%%
text \<open>
  Write B = Psi_N Lam_N, so B_jk = (-1)^k binom(j,k). Binomial inversion says B^2 = 1, and the
  absorption identities for binomial coefficients give J B + B J = (N^2 - 1) B. Hence B maps the
  lam-eigenspace of J into the (N^2 - 1 - lam)-eigenspace, and v + B v, v - B v are eigenvectors of
  B for 1 and -1; neither vanishes, since B v = -v or B v = v would make v an eigenvector of J for
  both lam and N^2 - 1 - lam. For lam = (N^2 - 1)/2 the vector v - B v is again a lam-eigenvector
  of J, and its first coordinate vanishes because the first row of B is e_0. As J is tridiagonal
  with nonzero superdiagonal, an eigenvector is determined by its first coordinate, so B v = v.
\<close>

lemma diff_eq_zero_vec:
  fixes a b :: "'a :: ab_group_add vec"
  assumes "a \<in> carrier_vec n" "b \<in> carrier_vec n"
  shows "a - b = 0\<^sub>v n \<longleftrightarrow> a = b"
  using assms by (auto simp: vec_eq_iff)

lemma add_eq_zero_vec:
  fixes a b :: "'a :: ring_1 vec"
  assumes "a \<in> carrier_vec n" "b \<in> carrier_vec n"
  shows "a + b = 0\<^sub>v n \<longleftrightarrow> b = (-1) \<cdot>\<^sub>v a"
proof -
  have "a $ i + b $ i = 0 \<longleftrightarrow> b $ i = -1 * a $ i" for i
    by (metis add.commute eq_neg_iff_add_eq_0 mult_minus1)
  then show ?thesis using assms by (auto simp: vec_eq_iff)
qed

lemma index_mult_mat_sum:
  assumes "A \<in> carrier_mat nr n" "B \<in> carrier_mat n nc" "i < nr" "j < nc"
  shows "(A * B) $$ (i, j) = (\<Sum>k<n. A $$ (i, k) * B $$ (k, j))"
  using assms by (auto simp: scalar_prod_def lessThan_atLeast0 intro!: sum.cong)

lemma index_mult_mat_vec_sum:
  assumes "A \<in> carrier_mat nr n" "v \<in> carrier_vec n" "i < nr"
  shows "(A *\<^sub>v v) $ i = (\<Sum>k<n. A $$ (i, k) * v $ k)"
  using assms by (auto simp: scalar_prod_def lessThan_atLeast0 intro!: sum.cong)

lemma mult_mat_vec_diff_eigen:
  fixes A :: "'a :: field mat"
  assumes A: "A \<in> carrier_mat n n" and v: "v \<in> carrier_vec n" and w: "w \<in> carrier_vec n"
    and "A *\<^sub>v v = mu \<cdot>\<^sub>v v" and "A *\<^sub>v w = mu \<cdot>\<^sub>v w"
  shows "A *\<^sub>v (v - w) = mu \<cdot>\<^sub>v (v - w)"
proof -
  have "A *\<^sub>v (v - w) = mu \<cdot>\<^sub>v v - mu \<cdot>\<^sub>v w"
    using assms by (simp add: mult_minus_distrib_mat_vec)
  also have "\<dots> = mu \<cdot>\<^sub>v (v - w)"
    using v w by (intro eq_vecI) (auto simp: algebra_simps)
  finally show ?thesis .
qed

lemma anticommuting_mult_eigenvector:
  fixes A B :: "'a :: field mat"
  assumes A: "A \<in> carrier_mat n n" and B: "B \<in> carrier_mat n n"
    and anti: "A * B + B * A = c \<cdot>\<^sub>m B"
    and v: "v \<in> carrier_vec n" and Av: "A *\<^sub>v v = lam \<cdot>\<^sub>v v"
  shows "A *\<^sub>v (B *\<^sub>v v) = (c - lam) \<cdot>\<^sub>v (B *\<^sub>v v)"
proof -
  have "A *\<^sub>v (B *\<^sub>v v) + lam \<cdot>\<^sub>v (B *\<^sub>v v) = (A * B + B * A) *\<^sub>v v"
    using A B v by (simp add: add_mult_distrib_mat_vec[of _ n n] Av mult_mat_vec[of _ n n])
  also have "\<dots> = c \<cdot>\<^sub>v (B *\<^sub>v v)"
    unfolding anti using B v by (intro eq_vecI) (auto simp: smult_scalar_prod_distrib[of _ n])
  finally have sum: "A *\<^sub>v (B *\<^sub>v v) + lam \<cdot>\<^sub>v (B *\<^sub>v v) = c \<cdot>\<^sub>v (B *\<^sub>v v)" .
  show ?thesis
  proof (rule eq_vecI)
    fix i assume "i < dim_vec ((c - lam) \<cdot>\<^sub>v (B *\<^sub>v v))"
    then have i: "i < n" using B by simp
    have "(A *\<^sub>v (B *\<^sub>v v) + lam \<cdot>\<^sub>v (B *\<^sub>v v)) $ i = (c \<cdot>\<^sub>v (B *\<^sub>v v)) $ i"
      by (simp only: sum)
    then show "(A *\<^sub>v (B *\<^sub>v v)) $ i = ((c - lam) \<cdot>\<^sub>v (B *\<^sub>v v)) $ i"
      using i A B by (simp add: algebra_simps)
  qed (use A B in simp)
qed

lemma involution_eigenvectors:
  fixes A B :: "'a :: field mat"
  assumes A: "A \<in> carrier_mat n n" and B: "B \<in> carrier_mat n n"
    and inv: "B * B = 1\<^sub>m n" and anti: "A * B + B * A = c \<cdot>\<^sub>m B"
    and ev: "eigenvector A v lam" and ne: "lam \<noteq> c - lam"
  shows "eigenvector B (v + B *\<^sub>v v) 1" and "eigenvector B (v - B *\<^sub>v v) (-1)"
proof -
  from ev A have v: "v \<in> carrier_vec n" and nz: "v \<noteq> 0\<^sub>v n"
    and Av: "A *\<^sub>v v = lam \<cdot>\<^sub>v v"
    unfolding eigenvector_def by auto
  have Bv: "B *\<^sub>v v \<in> carrier_vec n" using B v by simp
  have BBv: "B *\<^sub>v (B *\<^sub>v v) = v"
    using B v by (simp flip: assoc_mult_mat_vec add: inv)
  \<comment> \<open>a scalar eigenvalue s of B at v would force A to have both lam and c - lam at v\<close>
  have not_scalar: "B *\<^sub>v v \<noteq> s \<cdot>\<^sub>v v" if "s \<noteq> 0" for s
  proof
    assume Bs: "B *\<^sub>v v = s \<cdot>\<^sub>v v"
    obtain i where i: "i < n" "v $ i \<noteq> 0"
      using v nz by (auto simp: vec_eq_iff)
    have "(s * lam) \<cdot>\<^sub>v v = ((c - lam) * s) \<cdot>\<^sub>v v"
      using anticommuting_mult_eigenvector[OF A B anti v Av] A v
      by (simp add: Bs mult_mat_vec Av smult_smult_assoc ac_simps)
    then have "s * lam * v $ i = (c - lam) * s * v $ i"
      by (metis i(1) v carrier_vecD index_smult_vec(1))
    with i that ne show False by simp
  qed
  have "v + B *\<^sub>v v \<noteq> 0\<^sub>v n"
    using not_scalar[of "-1"] add_eq_zero_vec[OF v Bv] by auto
  moreover have "v - B *\<^sub>v v \<noteq> 0\<^sub>v n"
    using not_scalar[of 1] diff_eq_zero_vec[OF v Bv] by auto
  moreover have "B *\<^sub>v (v + B *\<^sub>v v) = 1 \<cdot>\<^sub>v (v + B *\<^sub>v v)"
    using B v Bv by (simp add: mult_add_distrib_mat_vec[OF B] BBv comm_add_vec[OF Bv v])
  moreover have "B *\<^sub>v (v - B *\<^sub>v v) = (-1) \<cdot>\<^sub>v (v - B *\<^sub>v v)"
    using B v Bv by (intro eq_vecI) (auto simp: mult_minus_distrib_mat_vec[OF B] BBv)
  ultimately show "eigenvector B (v + B *\<^sub>v v) 1" and "eigenvector B (v - B *\<^sub>v v) (-1)"
    unfolding eigenvector_def using B v Bv by auto
qed

lemma lower_hessenberg_eigenvector_eq_zero:
  fixes A :: "'a :: idom mat"
  assumes A: "A \<in> carrier_mat n n"
    and above_zero: "\<And>i j. j < n \<Longrightarrow> i + 1 < j \<Longrightarrow> A $$ (i, j) = 0"
    and superdiag: "\<And>i. i + 1 < n \<Longrightarrow> A $$ (i, i + 1) \<noteq> 0"
    and w: "w \<in> carrier_vec n" and Aw: "A *\<^sub>v w = mu \<cdot>\<^sub>v w" and head: "w $ 0 = 0"
  shows "w = 0\<^sub>v n"
proof -
  have "\<forall>i\<le>k. w $ i = 0" if "k < n" for k
    using that
  proof (induction k)
    case 0
    with head show ?case by simp
  next
    case (Suc k)
    then have IH: "\<And>i. i \<le> k \<Longrightarrow> w $ i = 0" and k: "k + 1 < n" by auto
    have "mu * w $ k = (A *\<^sub>v w) $ k"
      using Aw w k by simp
    also have "\<dots> = (\<Sum>i<n. A $$ (k, i) * w $ i)"
      using A w k by (intro index_mult_mat_vec_sum) auto
    also have "\<dots> = (\<Sum>i<n. if i = k + 1 then A $$ (k, k + 1) * w $ (k + 1) else 0)"
    proof (intro sum.cong refl)
      fix i assume "i \<in> {..<n}"
      then show "A $$ (k, i) * w $ i = (if i = k + 1 then A $$ (k, k + 1) * w $ (k + 1) else 0)"
        using IH[of i] above_zero[of i k] by (cases "i \<le> k") auto
    qed
    finally have "A $$ (k, k + 1) * w $ (k + 1) = 0"
      using IH k by simp
    with superdiag[OF k] have "w $ (k + 1) = 0" by simp
    with IH show ?case by (auto simp: le_Suc_eq)
  qed
  then show ?thesis using w by (intro eq_vecI) auto
qed

lemma binomial_inversion:
  "(\<Sum>k\<le>j. (-1) ^ k * of_nat (j choose k) * of_nat (k choose l) :: 'a :: comm_ring_1)
     = (if j = l then (-1) ^ l else 0)"
proof (cases "l \<le> j")
  case False
  then show ?thesis by (auto intro!: sum.neutral simp: binomial_eq_0)
next
  case True
  have "(\<Sum>k\<le>j. (-1) ^ k * of_nat (j choose k) * of_nat (k choose l) :: 'a)
      = (\<Sum>k\<in>{l..j}. (-1) ^ k * of_nat (j choose k) * of_nat (k choose l))"
    by (intro sum.mono_neutral_right) (auto simp: binomial_eq_0)
  also have "\<dots> = (\<Sum>i\<le>j - l. (-1) ^ (l + i) * of_nat (j choose (l + i)) * of_nat ((l + i) choose l))"
    using True by (intro sum.reindex_bij_witness[of _ "\<lambda>i. l + i" "\<lambda>k. k - l"]) auto
  also have "\<dots> = (\<Sum>i\<le>j - l. (-1) ^ l * of_nat (j choose l) * ((-1) ^ i * of_nat ((j - l) choose i)))"
  proof (intro sum.cong refl)
    fix i assume "i \<in> {..j - l}"
    then have "(j choose (l + i)) * ((l + i) choose l) = (j choose l) * ((j - l) choose i)"
      using True choose_mult[of l "l + i" j] by simp
    then have "of_nat (j choose (l + i)) * of_nat ((l + i) choose l)
        = (of_nat (j choose l) * of_nat ((j - l) choose i) :: 'a)"
      by (metis of_nat_mult)
    then show "(-1) ^ (l + i) * of_nat (j choose (l + i)) * of_nat ((l + i) choose l)
        = (-1) ^ l * of_nat (j choose l) * ((-1) ^ i * (of_nat ((j - l) choose i) :: 'a))"
      by (simp add: power_add algebra_simps)
  qed
  also have "\<dots> = (-1) ^ l * of_nat (j choose l) * (\<Sum>i\<le>j - l. (-1) ^ i * of_nat ((j - l) choose i))"
    by (simp add: sum_distrib_left)
  also have "\<dots> = (if j = l then (-1) ^ l else 0)"
    using True choose_alternating_sum[of "j - l", where 'a = 'a] by auto
  finally show ?thesis .
qed

lemma of_nat_binomial_Suc_absorb:
  "(of_nat l + 1) * of_nat (j choose Suc l)
     = (of_nat j - of_nat l) * (of_nat (j choose l) :: 'a :: comm_ring_1)"
proof -
  have "(of_nat j + 1) * of_nat (j choose l)
      = (of_nat (j choose l) + of_nat (j choose Suc l)) * (of_nat l + (1 :: 'a))"
    using Suc_times_binomial_eq[of j l]
    by (metis binomial_Suc_Suc of_nat_Suc of_nat_add of_nat_mult add.commute)
  then show ?thesis by (simp add: algebra_simps)
qed

lemma Psi_Lam_carrier: "Psi N * Lam N \<in> carrier_mat N N"
proof -
  have "Psi N \<in> carrier_mat N N" "Lam N \<in> carrier_mat N N"
    by (simp_all add: Psi_def Lam_def)
  then show ?thesis by (rule mult_carrier_mat)
qed

lemma Psi_Lam_index:
  assumes "j < N" "k < N"
  shows "(Psi N * Lam N) $$ (j, k) = (-1) ^ k * real (j choose k)"
proof -
  have "(Psi N * Lam N) $$ (j, k) = (\<Sum>i<N. Psi N $$ (j, i) * Lam N $$ (i, k))"
    using assms by (intro index_mult_mat_sum) (auto simp: Psi_def Lam_def)
  also have "\<dots> = (\<Sum>i<N. if i = k then (-1) ^ k * real (j choose k) else 0)"
    using assms by (intro sum.cong) (auto simp: Psi_def Lam_def)
  finally show ?thesis
    using assms by simp
qed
%%
* [EXERCISE AIM]
Using the material above, transcribe exactly the lines from the line with "lam at v\<close>" to the line with "n \<Longrightarrow> A"; both count, and nothing else goes in.

* [WRITTEN RESPONSE]
  \<comment> \<open>a scalar eigenvalue s of B at v would force A to have both lam and c - lam at v\<close>
  have not_scalar: "B *\<^sub>v v \<noteq> s \<cdot>\<^sub>v v" if "s \<noteq> 0" for s
  proof
    assume Bs: "B *\<^sub>v v = s \<cdot>\<^sub>v v"
    obtain i where i: "i < n" "v $ i \<noteq> 0"
      using v nz by (auto simp: vec_eq_iff)
    have "(s * lam) \<cdot>\<^sub>v v = ((c - lam) * s) \<cdot>\<^sub>v v"
      using anticommuting_mult_eigenvector[OF A B anti v Av] A v
      by (simp add: Bs mult_mat_vec Av smult_smult_assoc ac_simps)
    then have "s * lam * v $ i = (c - lam) * s * v $ i"
      by (metis i(1) v carrier_vecD index_smult_vec(1))
    with i that ne show False by simp
  qed
  have "v + B *\<^sub>v v \<noteq> 0\<^sub>v n"
    using not_scalar[of "-1"] add_eq_zero_vec[OF v Bv] by auto
  moreover have "v - B *\<^sub>v v \<noteq> 0\<^sub>v n"
    using not_scalar[of 1] diff_eq_zero_vec[OF v Bv] by auto
  moreover have "B *\<^sub>v (v + B *\<^sub>v v) = 1 \<cdot>\<^sub>v (v + B *\<^sub>v v)"
    using B v Bv by (simp add: mult_add_distrib_mat_vec[OF B] BBv comm_add_vec[OF Bv v])
  moreover have "B *\<^sub>v (v - B *\<^sub>v v) = (-1) \<cdot>\<^sub>v (v - B *\<^sub>v v)"
    using B v Bv by (intro eq_vecI) (auto simp: mult_minus_distrib_mat_vec[OF B] BBv)
  ultimately show "eigenvector B (v + B *\<^sub>v v) 1" and "eigenvector B (v - B *\<^sub>v v) (-1)"
    unfolding eigenvector_def using B v Bv by auto
qed

lemma lower_hessenberg_eigenvector_eq_zero:
  fixes A :: "'a :: idom mat"
  assumes A: "A \<in> carrier_mat n n"
    and above_zero: "\<And>i j. j < n \<Longrightarrow> i + 1 < j \<Longrightarrow> A $$ (i, j) = 0"
    and superdiag: "\<And>i. i + 1 < n \<Longrightarrow> A $$ (i, i + 1) \<noteq> 0"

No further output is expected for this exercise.